Галина, не выдержав, захохотала.
— Это надо же! — переведя дыхание, огорчённо воскликнул Распутин. — Вот невезуха — такое вино разлил! — Кончив схлёбывать мадеру с пола, приподнял голову и зло, снизу вверх посмотрел на Галину. — Бес в тебе сидит. Ай какой здоровый бес в тебя забрался! Если я сейчас не выгоню его, он тебя очень скоро в больницу отправит.
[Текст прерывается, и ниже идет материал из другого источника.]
lemma (in ZJ_setting) ZJ_lift_exists:
  "\<exists>v. v - v0 \<in> N \<and> (\<forall>y\<in>pp val 0. Z y v = v) \<and>
     (\<forall>T. is_reps val (-1) 0 T \<longrightarrow> (\<Sum>t\<in>T. Z t v) = 0) \<and> (\<forall>c\<in>units_o val. D c v = v)"
proof -
  obtain K where K: "1 \<le> K" "\<forall>y\<in>pp val K. Z y v0 = v0" "\<forall>e. e - 1 \<in> pp val K \<longrightarrow> D e v0 = v0"
    using smooth_Z_D[of v0] by blast
  obtain X where X: "is_reps val (-K) K X" using is_reps_exists[of "-K" K] K by auto
  obtain S where S: "is_reps val 0 K S" using is_reps_exists[of 0 K] K by auto
  interpret ZJ_lift val sc \<psi> \<pi> v0 K X S
    by unfold_locales (use K X S in auto)
  show ?thesis using lift_congruent Z_lift sum_Z_lift D_lift by blast
qed

theorem proposition7p2p3:
  fixes val :: "'a::field_char_0 \<Rightarrow> int"
    and \<psi> :: "'a \<Rightarrow> complex"
    and sc :: "complex \<Rightarrow> 'v::ab_group_add \<Rightarrow> 'v"
    and \<pi> :: "'a ^ 4 ^ 4 \<Rightarrow> 'v \<Rightarrow> 'v"
  assumes "nonarch_local_field val"
    and "conductor_o_char val \<psi>"
    and "smooth_rep val sc \<pi>"
    and "w \<in> ZJ_coinv sc \<pi> \<psi>"
  shows "\<exists>!v. ZJ_proj sc \<pi> \<psi> v = w
             \<and> (\<forall>x\<in>pp val 0. \<pi> (zmat x) v = v)
             \<and> haar_int val sc (-1) (\<lambda>x. \<pi> (zmat x) v) = 0
             \<and> (\<forall>c\<in>units_o val. \<pi> (dmat c) v = v)"
proof -
  have "vector_space sc" using assms(3) unfolding smooth_rep_def by blast
  then interpret ZJ_setting val sc \<psi> \<pi>
    using assms(1-3) by unfold_locales (auto simp: vector_space_def module_def)
  obtain v0 where w: "w = ZJ_proj sc \<pi> \<psi> v0" using assms(4) unfolding ZJ_coinv_def by blast
  obtain T1 where T1: "is_reps val (-1) 0 T1" using is_reps_exists[of "-1" 0] by auto
  have conditions_iff: "ZJ_proj sc \<pi> \<psi> v = w \<and> (\<forall>x\<in>pp val 0. Z x v = v)
      \<and> haar_int val sc (-1) (\<lambda>x. Z x v) = 0 \<and> (\<forall>c\<in>units_o val. D c v = v)
    \<longleftrightarrow> v - v0 \<in> N \<and> (\<forall>x\<in>pp val 0. Z x v = v)
      \<and> (\<Sum>t\<in>T1. Z t v) = 0 \<and> (\<forall>c\<in>units_o val. D c v = v)" for v
    using haar_int_Z_eq_sum[OF _ T1, of v] by (auto simp: w ZJ_proj_eq_iff)
  obtain v where v: "v - v0 \<in> N" "\<forall>x\<in>pp val 0. Z x v = v"
      "\<forall>T. is_reps val (-1) 0 T \<longrightarrow> (\<Sum>t\<in>T. Z t v) = 0" "\<forall>c\<in>units_o val. D c v = v"
    using ZJ_lift_exists[of v0] by blast
  have "v' = v" if "v' - v0 \<in> N" "\<forall>x\<in>pp val 0. Z x v' = v'"
      "(\<Sum>t\<in>T1. Z t v') = 0" "\<forall>c\<in>units_o val. D c v' = v'" for v'
  proof -
    have "v' - v \<in> N"
      using span_diff[of "v' - v0" _ "v - v0"] that(1) v(1) by (simp add: ZJ_kernel_span)
    then show ?thesis
      using ZJ_kernel_invariant_eq_0[OF _ _ _ T1, of "v' - v"] that v T1 units_o_nonzero
      by (simp add: Z_linear D_linear sum_subtractf)
  qed
  then show ?thesis unfolding conditions_iff using v T1 by blast
qed
(* Let $\overline{n}=(n_1,\ldots,n_r)$ with $1\le n_1\le\cdots\le n_r$. Then $\mathrm{cat}(\mathrm{P}_{\overline{n}})<(n_1+1)\,r$.
   Context: $\mathrm{P}_{\overline{n}}$ is the quotient of $S^{n_1}\times\cdots\times S^{n_r}$ by the diagonal $\mathbb{Z}_2$-action which is antipodal on each factor. $\mathrm{cat}$ denotes the reduced Lusternik–Schnirelmann category: one less than the minimal number of open sets covering the space, each contractible in the space (so a contractible space has $\mathrm{cat}=0$). *)

theory Defs
  imports "HOL-Analysis.Analysis"
begin

definition quotient_topology :: "'a topology \<Rightarrow> ('a \<Rightarrow> 'b) \<Rightarrow> 'b topology" where
  "quotient_topology X f =
     topology (\<lambda>U. U \<subseteq> f ` topspace X \<and> openin X {x \<in> topspace X. f x \<in> U})"

definition sphere_product :: "nat list \<Rightarrow> (nat \<Rightarrow> nat \<Rightarrow> real) topology" where
  "sphere_product ns = product_topology (\<lambda>k. nsphere (ns ! k)) {..<length ns}"

definition diag_antipodal :: "nat list \<Rightarrow> (nat \<Rightarrow> nat \<Rightarrow> real) \<Rightarrow> (nat \<Rightarrow> nat \<Rightarrow> real)" where
  "diag_antipodal ns x = restrict (\<lambda>k. - x k) {..<length ns}"

definition projective_product :: "nat list \<Rightarrow> (nat \<Rightarrow> nat \<Rightarrow> real) set topology" where
  "projective_product ns =
     quotient_topology (sphere_product ns) (\<lambda>x. {x, diag_antipodal ns x})"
— Лечить, значит, собрался, Григорий Ефимович? — не прерывая звонкого заразительного смеха, поинтересовалась Галина. — О здоровье моём печёшься?
— Пекусь!
— Лечить собрался?
— Собрался.
— А если завтра?
— Завтра может быть поздно, завтра бес может съесть тебя всю целиком, понятно? Ложись! — Распутин вновь громко ударил ладонью по полу. — Кому сказали!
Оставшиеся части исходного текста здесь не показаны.